It's a lot of work, but it only needs doing once, and then your tests can be very focused because the rest of the database will be setup for it.

[Test]
[TestCase(new string [] {"ABC", "DEF"}, "ABC", ExpectedResult = 1)]
[TestCase(new string [] {"ABC", "BCD"}, "BC", ExpectedResult = 2)]
[TestCase(new string [] {"ABC"}, "EF", ExpectedResult = 0)]
[TestCase(new string[] { "ABC", "DEF" }, "abc", ExpectedResult = 1)]
public int Given_SearchingForBranchByName_Then_ReturnCount(string[] codesInDatabase, string searchString)
{
    // Arrange
    var branches = codesInDatabase.Select(x => UnitTestHelpers.MakeBranch(code: $"qqqq{x}qqq")).ToList();
    var db = UnitTestHelpers.Bootstrap(branches: branches);
    var service = new BranchService(db);

    // Act
    var result = service.SearchByName(searchString);

    // Assert
    return result.Count();
}

I have fumbled around sometime to reach these considerations:

1- If my application access the database, why the test should not? What if there is something wrong with data access? The tests must know it beforehand and alert myself about the problem.
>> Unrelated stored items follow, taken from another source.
lemma (in prob_space) scaled_Max_tail_bound:
  fixes X :: "nat \<Rightarrow> 'a \<Rightarrow> real" and D :: "real measure" and L :: "real \<Rightarrow> real"
    and \<alpha> \<theta> x T :: real
  assumes X: "\<And>i. X i \<in> borel_measurable M" and distr: "\<And>i. distr M borel (X i) = D"
    and "slowly_varying L" and tail: "\<And>t. t > T \<Longrightarrow> measure D {t<..} = t powr (-\<alpha>) * L t"
    and "\<alpha> > 0" and "x \<ge> 1" and "0 \<le> \<theta>" and "\<theta> < 1"
  shows "eventually (\<lambda>n. measure M {\<omega> \<in> space M.
            Max ((\<lambda>i. X i \<omega>) ` {1..n}) > 0 \<and>
            (Max ((\<lambda>i. X i \<omega>) ` {1..n}) / gen_inverse (cdf D) (1 - 1 / real n))
              powr (\<alpha> / ln (real n)) > x}
         \<le> 2 powr (\<theta> * \<alpha>) * real n powr (-(\<theta> * ln x))) sequentially"
proof -
  have "real_distribution D"
    using real_distribution_distr[OF X[of 1]] by (simp add: distr)
  then interpret D: real_distribution D .
  have tail_X: "measure M {\<omega> \<in> space M. t < X i \<omega>} = measure D {t<..}" for i t
  proof -
    have "X i -` {t<..} \<inter> space M = {\<omega> \<in> space M. t < X i \<omega>}"
      by auto
    then show ?thesis
      using measure_distr[OF X, of "{t<..}" i] by (simp add: distr)
  qed
  have "0 \<le> \<theta> * \<alpha>" "\<theta> * \<alpha> < \<alpha>"
    using \<open>0 \<le> \<theta>\<close> \<open>\<theta> < 1\<close> \<open>\<alpha> > 0\<close> by simp_all
  then have "eventually (\<lambda>n::nat. 0 < gen_inverse (cdf D) (1 - 1 / n) \<and>
      (\<forall>l\<ge>1. n * measure D {l * gen_inverse (cdf D) (1 - 1 / n)<..}
                \<le> 2 powr (\<theta> * \<alpha>) * l powr (-(\<theta> * \<alpha>)))) sequentially"
    by (intro D.regularly_varying_quantile_bound[where T = T, OF \<open>slowly_varying L\<close>]) (simp_all add: tail)
  with eventually_ge_at_top[of 2]
  show ?thesis
  proof eventually_elim
    case (elim n)
    define a where "a = gen_inverse (cdf D) (1 - 1 / real n)"
    define l where "l = x powr (ln (real n) / \<alpha>)"
    have "ln (real n) > 0" "a > 0"
      using elim by (simp_all add: a_def)
    have "l \<ge> 1"
      unfolding l_def using \<open>x \<ge> 1\<close> \<open>ln (real n) > 0\<close> \<open>\<alpha> > 0\<close> by (simp add: ge_one_powr_ge_zero)
    let ?Max = "\<lambda>\<omega>. Max ((\<lambda>i. X i \<omega>) ` {1..n})"
    have "{\<omega> \<in> space M. ?Max \<omega> > 0 \<and> (?Max \<omega> / a) powr (\<alpha> / ln (real n)) > x}
            \<subseteq> {\<omega> \<in> space M. l * a < ?Max \<omega>}"
      using powr_inverse_mult_less[OF _ \<open>a > 0\<close>, of _ "\<alpha> / ln (real n)" x]
        \<open>ln (real n) > 0\<close> \<open>\<alpha> > 0\<close> \<open>x \<ge> 1\<close> by (auto simp: l_def mult.commute)
    then have "measure M {\<omega> \<in> space M. ?Max \<omega> > 0 \<and> (?Max \<omega> / a) powr (\<alpha> / ln (real n)) > x}
            \<le> measure M {\<omega> \<in> space M. l * a < ?Max \<omega>}"
      by (intro finite_measure_mono) (use X in measurable)
    also have "\<dots> \<le> (\<Sum>i\<in>{1..n}. measure M {\<omega> \<in> space M. l * a < X i \<omega>})"
      using \<open>n \<ge> 2\<close> X by (intro measure_Max_greater_le_sum) auto
    also have "\<dots> = n * measure D {l * a<..}"
      by (simp add: tail_X)
    also have "\<dots> \<le> 2 powr (\<theta> * \<alpha>) * l powr (-(\<theta> * \<alpha>))"
      using elim \<open>l \<ge> 1\<close> by (simp add: a_def)
    also have "l powr (-(\<theta> * \<alpha>)) = real n powr (-(\<theta> * ln x))"
      using \<open>x \<ge> 1\<close> \<open>n \<ge> 2\<close> \<open>\<alpha> > 0\<close> by (simp add: l_def powr_powr powr_def)
    finally show ?case
      by (simp add: a_def)
  qed
qed

theorem mainTheorem3:
  fixes M :: "'a measure" and X :: "nat \<Rightarrow> 'a \<Rightarrow> real"
    and F :: "real \<Rightarrow> real" and L :: "real \<Rightarrow> real"
    and \<alpha> x0 x :: real
  assumes "prob_space M"
    and "prob_space.indep_vars M (\<lambda>_. borel) X UNIV"
    and "\<And>i. distr M borel (X i) = distr M borel (X 1)"
    and "\<And>t. F t = measure M {\<omega> \<in> space M. X 1 \<omega> \<le> t}"
    and "x0 > 0" and "\<alpha> > 0" and "slowly_varying L"
    and "\<And>t. t > x0 \<Longrightarrow> measure M {\<omega> \<in> space M. X 1 \<omega> > t} = t powr (-\<alpha>) * L t"
    and "x \<ge> 1"
  shows "limsup (\<lambda>n::nat.
            lnE (measure M {\<omega> \<in> space M.
                   Max ((\<lambda>i. X i \<omega>) ` {1..n}) > 0 \<and>
                   (Max ((\<lambda>i. X i \<omega>) ` {1..n}) / gen_inverse F (1 - 1 / real n))
                      powr (\<alpha> / ln (real n)) > x})
            / ereal (ln (real n)))
         \<le> ereal (- ln x)"
proof -
  interpret prob_space M by fact
  have X: "X i \<in> borel_measurable M" for i
    using assms(2) unfolding indep_vars_def by simp
  define D where "D = distr M borel (X 1)"
  have F: "F = cdf D"
  proof
    fix t
    have "X 1 -` {..t} \<inter> space M = {\<omega> \<in> space M. X 1 \<omega> \<le> t}" by auto
    then show "F t = cdf D t"
      using measure_distr[OF X, of "{..t}" 1] by (simp add: assms(4) cdf_def D_def)
  qed
  have tail: "measure D {t<..} = t powr (-\<alpha>) * L t" if "t > x0" for t
  proof -
    have "X 1 -` {t<..} \<inter> space M = {\<omega> \<in> space M. X 1 \<omega> > t}" by auto
    then show ?thesis
      using measure_distr[OF X, of "{t<..}" 1] assms(8)[OF that] by (simp add: D_def)
  qed
  let ?limsup = "limsup (\<lambda>n::nat. lnE (measure M {\<omega> \<in> space M.
            Max ((\<lambda>i. X i \<omega>) ` {1..n}) > 0 \<and>
            (Max ((\<lambda>i. X i \<omega>) ` {1..n}) / gen_inverse F (1 - 1 / real n))
              powr (\<alpha> / ln (real n)) > x}) / ereal (ln (real n)))"
  have "?limsup \<le> ereal (-(\<theta> * ln x))" if "0 < \<theta>" "\<theta> < 1" for \<theta>
    unfolding F using that assms(3,6,7,9) tail
    by (intro limsup_lnE_div_ln_le[OF _ scaled_Max_tail_bound[OF X]]) (simp_all add: D_def)
  then have "eventually (\<lambda>\<theta>. ?limsup \<le> ereal (-(\<theta> * ln x))) (at_left 1)"
    using eventually_at_left_real[of 0 1] by (auto elim: eventually_mono)
  moreover have "((\<lambda>\<theta>. ereal (-(\<theta> * ln x))) \<longlongrightarrow> ereal (-(1 * ln x))) (at_left 1)"
    by (intro tendsto_intros)
  ultimately have "?limsup \<le> ereal (-(1 * ln x))"
    by (intro tendsto_lowerbound[OF _ _ trivial_limit_at_left_real])
  then show ?thesis
    by simp
qed

end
2- The Repository Pattern is somewhat hard and time consuming.

So I came up with this approach, that I don't think is the best, but fulfilled my expectations:

Use TransactionScope in the tests methods to avoid changes in the database.

To do it it's necessary:

1- Install the EntityFramework into the Test Project. 2- Put the connection string into the app.config file of Test Project. 3- Reference the dll System.Transactions in Test Project.

The unique side effect is that identity seed will increment when trying to insert, even when the transaction is aborted. But since the tests are made against a development database, this should be no problem.

Sample code:

[TestClass]
public class NameValueTest
{
    [TestMethod]
    public void Edit()
    {
        NameValueController controller = new NameValueController();

        using(var ts = new TransactionScope()) {
            Assert.IsNotNull(controller.Edit(new Models.NameValue()
            {
                NameValueId = 1,
                name1 = "1",
                name2 = "2",
                name3 = "3",
                name4 = "4"
            }));

            //no complete, automatically abort
            //ts.Complete();
        }
    }

    [TestMethod]
    public void Create()
    {
        NameValueController controller = new NameValueController();

        using (var ts = new TransactionScope())
        {
            Assert.IsNotNull(controller.Create(new Models.NameValue()
            {
                name1 = "1",
                name2 = "2",
                name3 = "3",
                name4 = "4"
            }));

            //no complete, automatically abort
            //ts.Complete();
        }
    }
}

There is Effort which is an in memory entity framework database provider. I've not actually tried it... Haa just spotted this was mentioned in the question!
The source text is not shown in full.